USAID officials would not speculate on which countries might be picked for cuts, though aid workers said it was unlikely that those with the greatest need -- such as Sudan -- would be hit hard. Most at risk appeared to be long-term emergency programs in such countries as Nepal, where unrest has quieted, as well as a number of African countries, such as Tanzania, that had relatively good harvests last year.

The Bush administration's 2008 USAID budget request calls for $1.2 billion in food aid with a supplemental $350 million to cover assistance in Darfur and critical situations in southern Africa, Kenya and other hot spots.

USAID officials said the administration, facing a tight budget year, was not planning to request funds to cover the projected $200 million shortfall from the price increases. USAID purchases grains in the same domestic commodities market as the U.S. companies that serve up Wonder bread or Big Macs, meaning they pay the same high market rates. As a result, officials said, the program cuts are necessary. "At this point, this is the administration's request," Borns said yesterday.

Aid groups said they would press USAID and the Bush administration to pursue more funds from Congress to cover the shortfall. Several are concerned that the cuts come at a time when the Senate is considering a farm bill that would make it much harder for USAID to tap into non-emergency food in the event of a catastrophic event such as the 2004 Asian tsunami.

Frank Orzechowski, an adviser for Catholic Relief Services, said his organization has calculated that U.S. food aid would drop from 2.6 million tons last year to about 2.2 million this year. "That is going to be a pretty big hit for the people who can afford it the least," he said.

"The biggest concern is that there are going to be more people being pushed into food insecurity in poor countries because they don't have the purchasing power to cover higher costs, and we will be less rather than more prepared to cope with that. Higher commodity prices is not a situation that the U.S. is to blame for, but we are going to need to see it step up now and decide to make a greater contribution anyway."

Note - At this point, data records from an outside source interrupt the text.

(* Assume the standing assumptions (P1)–(P6) described in the context. Let $(f_0,t_0)\in\mathrm{Dom}\,\mathcal P$ and suppose the Volterra problem VP$(f_0,t_0)$ has two solutions $\varphi\in C([t_0,T),F)$ and $\varphi'\in C([t_0,T'),F)$. Then $\varphi(t)=\varphi'(t)$ for all $t\in[t_0,\min(T,T'))$.
   Context: All Banach spaces are over a common field ($\mathbb R$ or $\mathbb C$). For Banach spaces $X,Y$, $X\hookrightarrow Y$ means that $X$ is a dense linear subspace of $Y$ and the inclusion is continuous. Standing assumptions: (P1) $F_+,F,F_-$ are Banach spaces with norms $\|\cdot\|_+,\|\cdot\|,\|\cdot\|_-$ and $F_+\hookrightarrow F\hookrightarrow F_-$; $B(f_0,r):=\{f\in F:\|f-f_0\|<r\}$. (P2) $\mathcal A:F_+\to F_-$ is linear and on $F_+$ the norm $\|\cdot\|_+$ is equivalent to $f\mapsto\|f\|_-+\|\mathcal Af\|_-$. (P3) $\mathcal A$, viewed as a densely defined operator in $F_-$ with domain $F_+$, generates a strongly continuous semigroup $(e^{t\mathcal A})_{t\ge0}$ on $F_-$. (P4) $e^{t\mathcal A}(F)\subset F$ for $t\ge0$, $(f,t)\mapsto e^{t\mathcal A}f$ is continuous from $F\times[0,\infty)$ to $F$, and $u\in C([0,\infty),(0,\infty))$ satisfies $\|e^{t\mathcal A}f\|\le u(t)\|f\|$. (P5) $e^{t\mathcal A}(F_-)\subset F$ for $t>0$, $(f,t)\mapsto e^{t\mathcal A}f$ is continuous from $F_-\times(0,\infty)$ to $F$, and $u_-\in C((0,\infty),(0,\infty))$ satisfies $\|e^{t\mathcal A}f\|\le u_-(t)\|f\|_-$ for $t>0$, $f\in F_-$, with $u_-(t)=O(t^{-(1-\sigma)})$ as $t\to0^+$ for some $\sigma\in(0,1]$. (P6) $\mathcal P:\mathrm{Dom}\,\mathcal P\subset F\times\mathbb R\to F_-$; the domain is semi-open (for each $(f_0,t_0)\in\mathrm{Dom}\,\mathcal P$ there are $\delta,r\in(0,+\infty]$ with $B(f_0,r)\times[t_0,t_0+\delta)\subset\mathrm{Dom}\,\mathcal P$), and for every closed bounded $\mathcal C\subset F\times\mathbb R$ with $\mathcal C\subset\mathrm{Dom}\,\mathcal P$ there are $L,M\ge0$ with $\|\mathcal P(f,t)-\mathcal P(f',t')\|_-\le L\|f-f'\|+M|t-t'|$ on $\mathcal C$. A solution of the Volterra problem VP$(f_0,t_0)$ on $[t_0,T)$ ($T\in(t_0,+\infty]$) is a $\varphi\in C([t_0,T),F)$ whose graph $\{(\varphi(t),t)\}$ lies in $\mathrm{Dom}\,\mathcal P$ and with $\varphi(t)=e^{(t-t_0)\mathcal A}f_0+\int_{t_0}^te^{(t-s)\mathcal A}\mathcal P(\varphi(s),s)\,ds$ for all $t\in[t_0,T)$. *)

theory Defs
  imports "HOL-Analysis.Analysis" "HOL-Library.Landau_Symbols"
begin

text \<open>Model: F_- is a Banach type 'm, F is a Banach type 'f, F_+ is a Banach type 'p;
  the continuous dense inclusions are injective bounded linear maps
  i :: 'f \<Rightarrow> 'm (F into F_-) and j :: 'p \<Rightarrow> 'f (F_+ into F).\<close>

definition dense_embedding :: "('a::real_normed_vector \<Rightarrow> 'b::real_normed_vector) \<Rightarrow> bool" where
  "dense_embedding i \<longleftrightarrow> bounded_linear i \<and> inj i \<and> closure (range i) = UNIV"

definition P1 :: "('f::banach \<Rightarrow> 'm::banach) \<Rightarrow> ('p::banach \<Rightarrow> 'f) \<Rightarrow> bool" where
  "P1 i j \<longleftrightarrow> dense_embedding i \<and> dense_embedding j"
(* Let $\mathsf U$ be a pseudovariety and $\mathsf V$ a subpseudovariety of $\mathsf U$. Suppose that $\mathsf V=[\![\Sigma]\!]_{\mathsf U}$ for some set $\Sigma$ of $\mathsf U$-pseudoidentities which is h-strong within $\mathsf U$ and each of whose members is t-strong within $\mathsf U$. Let $\Gamma$ be a set of $\mathsf U$-pseudoidentities such that $[\![\Gamma]\!]_{\mathsf U}\subseteq\mathsf V$. If the set $\Gamma'=\{\pi(u)=\pi(v):(u=v)\in\Gamma\}$ is h-strong within $\mathsf V$, then $\Gamma$ is h-strong within $\mathsf U$.
   Context: A pseudovariety is a nonempty class of finite algebras of a fixed finite type closed under homomorphic images, subalgebras and finite direct products. $\Omega_A\mathsf U$ is the free pro-$\mathsf U$ algebra on the finite set $A$; for $\mathsf V\subseteq\mathsf U$, $\pi=\pi_A:\Omega_A\mathsf U\to\Omega_A\mathsf V$ denotes the natural continuous homomorphism fixing the generators (for each finite $A$). A $\mathsf U$-pseudoidentity is $u=v$ with $u,v\in\Omega_B\mathsf U$, $B$ finite; it holds in $T\in\mathsf U$ if both sides agree under every continuous homomorphism $\Omega_B\mathsf U\to T$; $[\![\Gamma]\!]_{\mathsf U}$ is the class of members of $\mathsf U$ satisfying $\Gamma$. Provability (relative to an ambient pseudovariety $\mathsf W$, here $\mathsf U$ or $\mathsf V$): for a set $\Gamma$ of $\mathsf W$-pseudoidentities and finite $A$, $\Gamma_0\subseteq\Omega_A\mathsf W\times\Omega_A\mathsf W$ is the set of pairs $(\mathbf t(\varphi(u),w_1,\dots,w_n),\mathbf t(\varphi(v),w_1,\dots,w_n))$ with $u=v$ or $v=u$ in $\Gamma$ ($u,v\in\Omega_B\mathsf W$), $\varphi:\Omega_B\mathsf W\to\Omega_A\mathsf W$ a continuous homomorphism, $\mathbf t$ a term, $w_i\in\Omega_A\mathsf W$; $\Gamma_{2\alpha+1}$ is the transitive closure of $\Gamma_{2\alpha}$; $\Gamma_{2\alpha+2}$ the topological closure of $\Gamma_{2\alpha+1}$; unions at limit ordinals; $u=v$ is provable from $\Gamma$ if $(u,v)\in\bigcup_\alpha\Gamma_\alpha$. A set $\Gamma$ of $\mathsf W$-pseudoidentities is h-strong within $\mathsf W$ if every $\mathsf W$-pseudoidentity valid in $[\![\Gamma]\!]_{\mathsf W}$ is provable from $\Gamma$. A $\mathsf W$-pseudoidentity $\varepsilon$ is t-strong within $\mathsf W$ if $\varepsilon$ is provable from every set $\Gamma$ of $\mathsf W$-pseudoidentities such that $[\![\Gamma]\!]_{\mathsf W}$ satisfies $\varepsilon$. *)

theory Defs
  imports "HOL-Analysis.Analysis"
begin
lemma constant_sign_piece:
  assumes lin: "\<forall>j\<in>{1..m}. linear (l j)" and ne: "polytope l b m \<noteq> {}"
    and sets: "sets M = sets (restrict_space borel E)" and wi: "weakly_incoming M l b m"
    and \<delta>: "0 < \<delta>" and x: "x \<in> closure (polytope l b m)"
    and A: "active_constraints l b m x \<noteq> {}"
  shows "\<exists>\<theta>\<in>{-1, 1}. \<exists>P G. P \<subseteq> active_constraints l b m x \<and> P \<noteq> {} \<and>
    G \<in> sets M \<and> emeasure M G > 0 \<and> bounded G \<and> diameter G < \<delta> \<and>
    (\<forall>f\<in>G. \<forall>i\<in>active_constraints l b m x.
       0 \<le> l i (\<theta> *\<^sub>R f) \<and> (0 < l i (\<theta> *\<^sub>R f) \<longleftrightarrow> i \<in> P))"
proof -
  let ?A = "active_constraints l b m x"
  have "x \<in> frontier (polytope l b m)"
    using lin x A by (rule frontier_polytope_if_active)
  then obtain \<epsilon> \<theta> F where \<epsilon>: "\<epsilon> > 0" and \<theta>: "\<theta> \<in> {-1::real, 1}" and F: "F \<in> sets M" "emeasure M F > 0"
    and dec: "\<forall>t\<in>{0<..\<epsilon>}. \<forall>e\<in>F. cnt l b m (x + (\<theta> * t) *\<^sub>R e) < cnt l b m x"
    using wi unfolding weakly_incoming_def by blast
  have signs: "(\<forall>i\<in>?A. 0 \<le> l i (\<theta> *\<^sub>R e)) \<and> (\<exists>i\<in>?A. 0 < l i (\<theta> *\<^sub>R e))" if "e \<in> F" for e
  proof -
    have "l i ((\<theta> * \<epsilon>) *\<^sub>R e) = \<epsilon> * l i (\<theta> *\<^sub>R e)" if "i \<in> ?A" for i
      using that lin by (auto simp: active_constraints_def linear_cmul)
    moreover have "(\<forall>i\<in>?A. 0 \<le> l i ((\<theta> * \<epsilon>) *\<^sub>R e)) \<and> (\<exists>i\<in>?A. 0 < l i ((\<theta> * \<epsilon>) *\<^sub>R e))"
      using dec \<epsilon> \<open>e \<in> F\<close> by (intro active_signs_if_cnt_decreases[OF lin ne x]) auto
    ultimately show ?thesis
      using \<epsilon> by (simp add: zero_le_mult_iff zero_less_mult_iff)
  qed
  define pattern where "pattern P = {e. \<forall>i\<in>?A. (0 < l i (\<theta> *\<^sub>R e)) = (i \<in> P)}" for P
  have "l i \<in> borel_measurable borel" if "i \<in> ?A" for i
    using that lin by (auto simp: active_constraints_def
        intro!: borel_measurable_continuous_onI continuous_on_linear_functional)
  then have borel: "pattern P \<in> sets borel" for P
    unfolding pattern_def by measurable
  have cover: "F \<subseteq> (\<Union>P\<in>Pow ?A. pattern P)"
  proof
    fix e
    have "{i\<in>?A. 0 < l i (\<theta> *\<^sub>R e)} \<in> Pow ?A"
      by blast
    moreover have "e \<in> pattern {i\<in>?A. 0 < l i (\<theta> *\<^sub>R e)}"
      by (simp add: pattern_def)
    ultimately show "e \<in> (\<Union>P\<in>Pow ?A. pattern P)"
      by (rule UN_I)
  qed
  have "finite (Pow ?A)"
    by simp
  from positive_measure_small_piece[OF sets F \<delta> this borel cover]
  obtain P G where P: "P \<subseteq> ?A" and G: "G \<in> sets M" "G \<subseteq> F \<inter> pattern P"
      "emeasure M G > 0" "bounded G" "diameter G < \<delta>"
    by blast
  have "G \<noteq> {}"
    using G(3) by auto
  then have "P \<noteq> {}"
    using signs G(2) by (force simp: pattern_def)
  moreover have "\<forall>f\<in>G. \<forall>i\<in>?A. 0 \<le> l i (\<theta> *\<^sub>R f) \<and> (0 < l i (\<theta> *\<^sub>R f) \<longleftrightarrow> i \<in> P)"
    using signs G(2) by (auto simp: pattern_def)
  ultimately show ?thesis
    using \<theta> P G by blast
qed
text \<open>Infinite (scalar) matrices are functions nat => nat => complex (0-based scalar
 indices). Infinite block matrices with n x n blocks are given by a block function
 with 1-based block indices and converted to scalar form.\<close>

type_synonym imat = "nat \<Rightarrow> nat \<Rightarrow> complex"

definition blocks_to_imat :: "nat \<Rightarrow> (nat \<Rightarrow> nat \<Rightarrow> complex mat) \<Rightarrow> imat" where
  "blocks_to_imat n blk = (\<lambda>r s. blk (r div n + 1) (s div n + 1) $$ (r mod n, s mod n))"

definition imat_mult :: "imat \<Rightarrow> imat \<Rightarrow> imat" where
  "imat_mult X Y = (\<lambda>r s. infsum (\<lambda>l. X r l * Y l s) UNIV)"

definition lead :: "nat \<Rightarrow> nat \<Rightarrow> imat \<Rightarrow> complex mat" where
  "lead n N X = mat (N * n) (N * n) (\<lambda>(r, s). X r s)"

definition minv :: "complex mat \<Rightarrow> complex mat" where
  "minv X = (SOME B. B \<in> carrier_mat (dim_row X) (dim_row X) \<and> inverts_mat X B \<and> inverts_mat B X)"

definition hadamard :: "'a::times mat \<Rightarrow> 'a mat \<Rightarrow> 'a mat" (infixl "\<circ>\<^sub>h" 70) where
  "hadamard X Y = mat (dim_row X) (dim_col X) (\<lambda>ij. X $$ ij * Y $$ ij)"

definition msum :: "nat \<Rightarrow> nat \<Rightarrow> ('b \<Rightarrow> 'a::comm_monoid_add mat) \<Rightarrow> 'b set \<Rightarrow> 'a mat" where
  "msum nr nc F I = mat nr nc (\<lambda>ij. \<Sum>m\<in>I. F m $$ ij)"

text \<open>The coefficients c_{i,j} (i,j >= 1): c_{i,1} = 1/(i+1) and
 c_{i-1,j} = j/i * c_{i,j-1}, i.e. c_{i,j} = j/(i+1) * c_{i+1,j-1} for j >= 2.
 The value at j = 0 is irrelevant.\<close>
fun ccoef :: "nat \<Rightarrow> nat \<Rightarrow> real" where
  "ccoef i 0 = 0"
| "ccoef i (Suc 0) = 1 / real (i + 1)"
| "ccoef i (Suc (Suc j)) = real (Suc (Suc j)) / real (i + 1) * ccoef (i + 1) (Suc j)"

definition Mfun :: "nat \<Rightarrow> nat \<Rightarrow> (nat \<Rightarrow> complex \<Rightarrow> complex) \<Rightarrow> (nat \<Rightarrow> complex mat) \<Rightarrow> complex \<Rightarrow> complex mat" where
  "Mfun n p f A x = msum n n (\<lambda>m. f m x \<cdot>\<^sub>m A m) {1..p}"

definition Mder :: "nat \<Rightarrow> nat \<Rightarrow> (nat \<Rightarrow> complex \<Rightarrow> complex) \<Rightarrow> (nat \<Rightarrow> complex mat) \<Rightarrow> nat \<Rightarrow> complex mat" where
  "Mder n p f A j = msum n n (\<lambda>m. (deriv ^^ j) (f m) 0 \<cdot>\<^sub>m A m) {1..p}"

definition S_blk :: "nat \<Rightarrow> (nat \<Rightarrow> complex mat) \<Rightarrow> nat \<Rightarrow> nat \<Rightarrow> complex mat" where
  "S_blk n Md i j =
     (if i = 1 \<and> j = 1 then 1\<^sub>m n
      else if i = 1 \<or> j = 1 then 0\<^sub>m n n
      else complex_of_real (ccoef (i - 1) (j - 1)) \<cdot>\<^sub>m Md (i + j - 2))"

definition A_blk :: "nat \<Rightarrow> (nat \<Rightarrow> complex mat) \<Rightarrow> nat \<Rightarrow> nat \<Rightarrow> complex mat" where
  "A_blk n Md i j =
     (if i = j then (if i = 1 then - Md 0 else 1\<^sub>m n) else 0\<^sub>m n n)"

definition B_blk :: "nat \<Rightarrow> (nat \<Rightarrow> complex mat) \<Rightarrow> nat \<Rightarrow> nat \<Rightarrow> complex mat" where
  "B_blk n Md i j =
     (if i = 1 then complex_of_real (1 / real j) \<cdot>\<^sub>m Md j
      else if i = j + 1 then complex_of_real (1 / real j) \<cdot>\<^sub>m 1\<^sub>m n
      else 0\<^sub>m n n)"

text \<open>G_{k+1} (0-based JNF indices a,b correspond to paper indices a+1,b+1).\<close>
definition Gmat :: "nat \<Rightarrow> complex mat" where
  "Gmat K = mat K K (\<lambda>(a, b). let i = a + 1; j = b + 1 in
     if i = 1 then complex_of_real (1 / real j)
     else if j = 1 then complex_of_real (1 / real i)
     else complex_of_real (ccoef (i - 1) j / real j))"

definition Fmat :: "nat \<Rightarrow> (complex \<Rightarrow> complex) \<Rightarrow> complex mat" where
  "Fmat K g = mat K K (\<lambda>(a, b). (deriv ^^ ((a + 1) + (b + 1) - 1)) g 0)"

Although it may take several months before the cuts are felt, higher food prices already have begun to erode the non-emergency aid and development programs sponsored by USAID in partnership with CARE, Catholic Relief Services, World Vision and others. In the case of one Asian nation, CARE said USAID had provided 10 percent less non-emergency food aid than expected, citing higher prices.

In Liberia, Catholic Relief Services funds its developmental programs -- including health worker training and technical assistance to farmers -- by selling wheat or rice provided by USAID at market prices. But, Catholic Relief was unable to find buyers for those grains in January because market prices have jumped so high that local buyers have switched to cheaper foods. The aid group is scrambling to find alternate sources before its funding runs out in April.